= Caroline Mason (charity executive) =

British financial entrepreneur

Dame Caroline Louise Mason has been the chief executive officer of the Esmée Fairbairn Foundation since 2013, a UK charity that supports improvement of life through strategic grants and investment.

==Career==
Mason (married surname Cooper) studied Spanish and Portuguese at University of Bristol from 1982 to 1986 and after graduating she worked for the Reuters news agency until 1998. After leaving Reuters she worked until 2004 as a consultant, including with Pragmetrics and Tullett-Prebon.

In 2005 she was the co-founder, with Geoff Burnand, of an early UK community interest company called Investing for Good, a social investment finance intermediary. The objective was to bring together investors, social organisations and expertise so that investment loans could have social as well as financial benefits. In 2011 she was appointed as the chief operating officer of the Charity Bank and Big Society Capital Ltd. The latter was set up by the UK government for social investment using money that was dormant in UK bank accounts to provide loans via intermediaries for charities.

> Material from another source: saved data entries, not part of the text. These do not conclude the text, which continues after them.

section \<open>Counting subsets\<close>

lemma card_subsets_meeting:
  assumes "finite U" "T \<subseteq> U" "i \<le> q"
  shows "card {Y. Y \<subseteq> U \<and> card Y = q \<and> card (Y \<inter> T) = i}
       = (card T choose i) * (card (U - T) choose (q - i))"
proof -
  let ?A = "{A. A \<subseteq> T \<and> card A = i}" and ?B = "{B. B \<subseteq> U - T \<and> card B = q - i}"
  have fin: "finite T" "finite (U - T)"
    using assms finite_subset by auto
  have "{Y. Y \<subseteq> U \<and> card Y = q \<and> card (Y \<inter> T) = i} = (\<lambda>(A, B). A \<union> B) ` (?A \<times> ?B)"
  proof (intro set_eqI iffI)
    fix Y assume Y: "Y \<in> {Y. Y \<subseteq> U \<and> card Y = q \<and> card (Y \<inter> T) = i}"
    then have "card (Y - T) = q - i"
      using card_Int_Diff[of Y T] finite_subset[OF _ \<open>finite U\<close>] by auto
    then have "(Y \<inter> T, Y - T) \<in> ?A \<times> ?B"
      using Y by auto
    then show "Y \<in> (\<lambda>(A, B). A \<union> B) ` (?A \<times> ?B)"
      by (intro image_eqI[of _ _ "(Y \<inter> T, Y - T)"]) auto
  next
    fix Y assume "Y \<in> (\<lambda>(A, B). A \<union> B) ` (?A \<times> ?B)"
    then obtain A B where AB: "A \<in> ?A" "B \<in> ?B" "Y = A \<union> B"
      by auto
    then have "card Y = q" "Y \<inter> T = A"
      using card_Un_disjoint[of A B] finite_subset fin assms(3) by auto
    then show "Y \<in> {Y. Y \<subseteq> U \<and> card Y = q \<and> card (Y \<inter> T) = i}"
      using AB assms(2) by auto
  qed
  moreover have "inj_on (\<lambda>(A, B). A \<union> B) (?A \<times> ?B)"
  proof (rule inj_onI, clarify)
    fix A B A' B' assume "A \<subseteq> T" "B \<subseteq> U - T" "A' \<subseteq> T" "B' \<subseteq> U - T" "A \<union> B = A' \<union> B'"
    then show "A = A' \<and> B = B'"
      by blast
  qed
  ultimately show ?thesis
    using fin by (simp add: card_image card_cartesian_product n_subsets)
qed

lemma mem_subsets_of_size [simp]: "X \<in> subsets_of_size n s \<longleftrightarrow> X \<subseteq> {..<n} \<and> card X = s"
  by (simp add: subsets_of_size_def)

lemma finite_subsets_of_size [simp]: "finite (subsets_of_size n s)"
  unfolding subsets_of_size_def by (rule finite_subset[of _ "Pow {..<n}"]) auto

lemma card_subsets_of_size: "card (subsets_of_size n s) = n choose s"
  using n_subsets[of "{..<n}" s] by (simp add: subsets_of_size_def)

lemma finite_of_mem_subsets_of_size: "X \<in> subsets_of_size n s \<Longrightarrow> finite X"
  using finite_subset by auto

lemma card_disjoint_meeting:
  assumes X: "X \<in> subsets_of_size n p" and T: "T \<in> subsets_of_size n p" and "i \<le> q"
  shows "card {Y \<in> subsets_of_size n q. Y \<inter> X = {} \<and> card (Y \<inter> T) = i}
       = (card (T - X) choose i) * ((n - p - card (T - X)) choose (q - i))"
proof -
  have "{Y \<in> subsets_of_size n q. Y \<inter> X = {} \<and> card (Y \<inter> T) = i}
      = {Y. Y \<subseteq> {..<n} - X \<and> card Y = q \<and> card (Y \<inter> (T - X)) = i}"
  proof -
    have "Y \<inter> (T - X) = Y \<inter> T" if "Y \<inter> X = {}" for Y
      using that by blast
    moreover have "Y \<inter> X = {}" if "Y \<subseteq> {..<n} - X" for Y
      using that by blast
    ultimately show ?thesis
      by auto
  qed
  moreover have "card ({..<n} - X - (T - X)) = n - p - card (T - X)"
    using X T finite_of_mem_subsets_of_size[OF X] finite_of_mem_subsets_of_size[OF T]
    by (subst card_Diff_subset; auto simp: card_Diff_subset)
  ultimately show ?thesis
    using X T \<open>i \<le> q\<close> by (simp add: card_subsets_meeting Diff_mono)
qed

lemma Mdisj_commute: "Mdisj I J = Mdisj J I"
  by (simp add: Mdisj_def Int_commute)

lemma sum_Mdisj: "finite A \<Longrightarrow> (\<Sum>Y\<in>A. Mdisj X Y) = real (card {Y \<in> A. X \<inter> Y = {}})"
  by (simp add: Mdisj_def sum.If_cases Int_def)

lemma sum_Mdisj_Mdisj:
  assumes "X \<subseteq> {..<n}" "X' \<subseteq> {..<n}"
  shows "(\<Sum>Y\<in>subsets_of_size n q. Mdisj Y X * Mdisj Y X') = real ((n - card (X \<union> X')) choose q)"
proof -
  have "(\<Sum>Y\<in>subsets_of_size n q. Mdisj Y X * Mdisj Y X') = (\<Sum>Y\<in>subsets_of_size n q. Mdisj (X \<union> X') Y)"
    by (intro sum.cong) (auto simp: Mdisj_def)
  also have "\<dots> = real (card {Y. Y \<subseteq> {..<n} - (X \<union> X') \<and> card Y = q})"
  proof -
    have "{Y \<in> subsets_of_size n q. (X \<union> X') \<inter> Y = {}} = {Y. Y \<subseteq> {..<n} - (X \<union> X') \<and> card Y = q}"
      by auto
    then show ?thesis
      by (simp add: sum_Mdisj)
  qed
  finally show ?thesis
    using assms finite_subset[of "X \<union> X'" "{..<n}"] by (simp add: n_subsets card_Diff_subset)
qed

section \<open>Squarefree monomials and elementary symmetric polynomials\<close>

lemma lookup_pscale [simp]: "Poly_Mapping.lookup (pscale c p) x = c * Poly_Mapping.lookup p x"
  unfolding pscale_def by transfer (simp add: when_def)

interpretation pv: vector_space pscale
  by unfold_locales (auto intro!: poly_mapping_eqI simp: algebra_simps lookup_add)

definition sqfree_exp :: "nat set \<Rightarrow> (nat \<Rightarrow>\<^sub>0 nat)" where
  "sqfree_exp I = (\<Sum>i\<in>I. Poly_Mapping.single i 1)"

lemma lookup_sqfree_exp: "finite I \<Longrightarrow> Poly_Mapping.lookup (sqfree_exp I) j = (if j \<in> I then 1 else 0)"
  unfolding sqfree_exp_def by (simp add: lookup_sum lookup_single when_def)

lemma sqfree_exp_eq_iff:
  assumes "finite I" "finite J"
  shows "sqfree_exp I = sqfree_exp J \<longleftrightarrow> I = J"
proof
  assume "sqfree_exp I = sqfree_exp J"
  then have "(if j \<in> I then 1 else 0 :: nat) = (if j \<in> J then 1 else 0)" for j
    by (metis assms lookup_sqfree_exp)
  then show "I = J"
    by (metis one_neq_zero subsetI subset_antisym)
qed simp

lemma add_single_eq_sqfree_exp:
  assumes "finite J"
  shows "e + Poly_Mapping.single i 1 = sqfree_exp J \<longleftrightarrow> i \<in> J \<and> e = sqfree_exp (J - {i})"
proof
  assume e: "e + Poly_Mapping.single i 1 = sqfree_exp J"
  have pointwise: "Poly_Mapping.lookup e j + (if j = i then 1 else 0) = (if j \<in> J then 1 else 0)" for j
    using arg_cong[OF e, of "\<lambda>m. Poly_Mapping.lookup m j"] assms
    by (auto simp: lookup_add lookup_single lookup_sqfree_exp when_def split: if_splits)
  then have "i \<in> J"
    using pointwise[of i] by (auto split: if_splits)
  moreover have "e = sqfree_exp (J - {i})"
  proof (rule poly_mapping_eqI)
    fix j
    show "Poly_Mapping.lookup e j = Poly_Mapping.lookup (sqfree_exp (J - {i})) j"
      using pointwise[of j] assms by (auto simp: lookup_sqfree_exp split: if_splits)
  qed
  ultimately show "i \<in> J \<and> e = sqfree_exp (J - {i})" ..
next
  assume i: "i \<in> J \<and> e = sqfree_exp (J - {i})"
  have "sqfree_exp J = Poly_Mapping.single i 1 + sqfree_exp (J - {i})"
    unfolding sqfree_exp_def using assms i by (intro sum.remove) auto
  then show "e + Poly_Mapping.single i 1 = sqfree_exp J"
    using i by (simp add: add.commute)
qed

lemma lookup_mono_set: "Poly_Mapping.lookup (mono_set I) e = (if e = sqfree_exp I then 1 else 0)"
  unfolding mono_set_def sqfree_exp_def by (simp add: lookup_single when_def eq_commute)

lemma lookup_sum_scaled_mono_set:
  assumes "J\<^sub>0 \<in> subsets_of_size n a"
  shows "Poly_Mapping.lookup (\<Sum>J\<in>subsets_of_size n a. pscale (c J) (mono_set J)) (sqfree_exp J\<^sub>0) = c J\<^sub>0"
proof -
  have "Poly_Mapping.lookup (\<Sum>J\<in>subsets_of_size n a. pscale (c J) (mono_set J)) (sqfree_exp J\<^sub>0)
      = (\<Sum>J\<in>subsets_of_size n a. if J = J\<^sub>0 then c J else 0)"
    unfolding lookup_sum lookup_pscale lookup_mono_set
  proof (intro sum.cong refl)
    fix J assume "J \<in> subsets_of_size n a"
    then have "sqfree_exp J\<^sub>0 = sqfree_exp J \<longleftrightarrow> J = J\<^sub>0"
      using assms finite_of_mem_subsets_of_size by (metis sqfree_exp_eq_iff)
    then show "c J * (if sqfree_exp J\<^sub>0 = sqfree_exp J then 1 else 0) = (if J = J\<^sub>0 then c J else 0)"
      by simp
  qed
  then show ?thesis
    using assms by (simp add: sum.delta)
qed

definition elem_sym :: "nat set \<Rightarrow> nat \<Rightarrow> rpoly" where
  "elem_sym V d = (\<Sum>J\<in>{J. J \<subseteq> V \<and> card J = d}. mono_set J)"

lemma Sym_eq_elem_sym: "Sym d n = elem_sym {..<n} d"
  by (simp add: Sym_def elem_sym_def)

lemma lookup_elem_sym:
  assumes "finite V"
  shows "Poly_Mapping.lookup (elem_sym V d) e = (if \<exists>J\<subseteq>V. card J = d \<and> e = sqfree_exp J then 1 else 0)"
proof (cases "\<exists>J\<subseteq>V. card J = d \<and> e = sqfree_exp J")
  case True
  then obtain J\<^sub>0 where J\<^sub>0: "J\<^sub>0 \<subseteq> V" "card J\<^sub>0 = d" "e = sqfree_exp J\<^sub>0"
    by blast
  have "Poly_Mapping.lookup (elem_sym V d) e = (\<Sum>J\<in>{J. J \<subseteq> V \<and> card J = d}. if J = J\<^sub>0 then 1 else 0)"
    unfolding elem_sym_def lookup_sum lookup_mono_set J\<^sub>0(3)
    using assms J\<^sub>0(1) by (intro sum.cong) (auto simp: sqfree_exp_eq_iff finite_subset)
  also have "\<dots> = 1"
    using assms J\<^sub>0 by (simp add: sum.delta)
  finally show ?thesis
    using True by simp
next
  case False
  then show ?thesis
    unfolding elem_sym_def lookup_sum lookup_mono_set by (intro trans[OF sum.neutral]) auto
qed

lemma lookup_pderiv_var:
  "Poly_Mapping.lookup (pderiv_var i p) a = of_nat (Poly_Mapping.lookup a i + 1) * Poly_Mapping.lookup p (a + Poly_Mapping.single i 1)"
proof -
  have "finite {a. a + Poly_Mapping.single i 1 \<in> Poly_Mapping.keys p}"
    by (rule finite_vimageI[where h = "\<lambda>a. a + Poly_Mapping.single i 1", unfolded vimage_def])
       (auto simp: inj_on_def)
  then have "finite {a. of_nat (Poly_Mapping.lookup a i + 1) * Poly_Mapping.lookup p (a + Poly_Mapping.single i 1) \<noteq> (0::real)}"
    by (rule finite_subset[rotated]) (auto simp: in_keys_iff)
  then show ?thesis
    unfolding pderiv_var_def by simp
qed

In 2013 she became the chief executive officer of the Esmée Fairbairn Foundation, which makes grants and loans to organisations aiming to improve the quality of life in the UK, especially when this does not fit within the remit of other funders. In 2020, the charity changed to only provide support for projects on the natural world, removing structural inequality and improving communities rather than simply responding to requests.

Mason is also a member of the boards that govern the UK government's Environment Agency and the Impact Investing Institute.

==Honours and awards==
Mason was appointed Commander of the Order of the British Empire (CBE) in 2013 for services to social investment and Dame Commander of the Order of the British Empire (DBE) in the 2021 New Year Honours for services to the charity sector, particularly during the Covid-19 response.

In November 2020 she was included in the BBC Radio 4 Woman's Hour Power list 2020.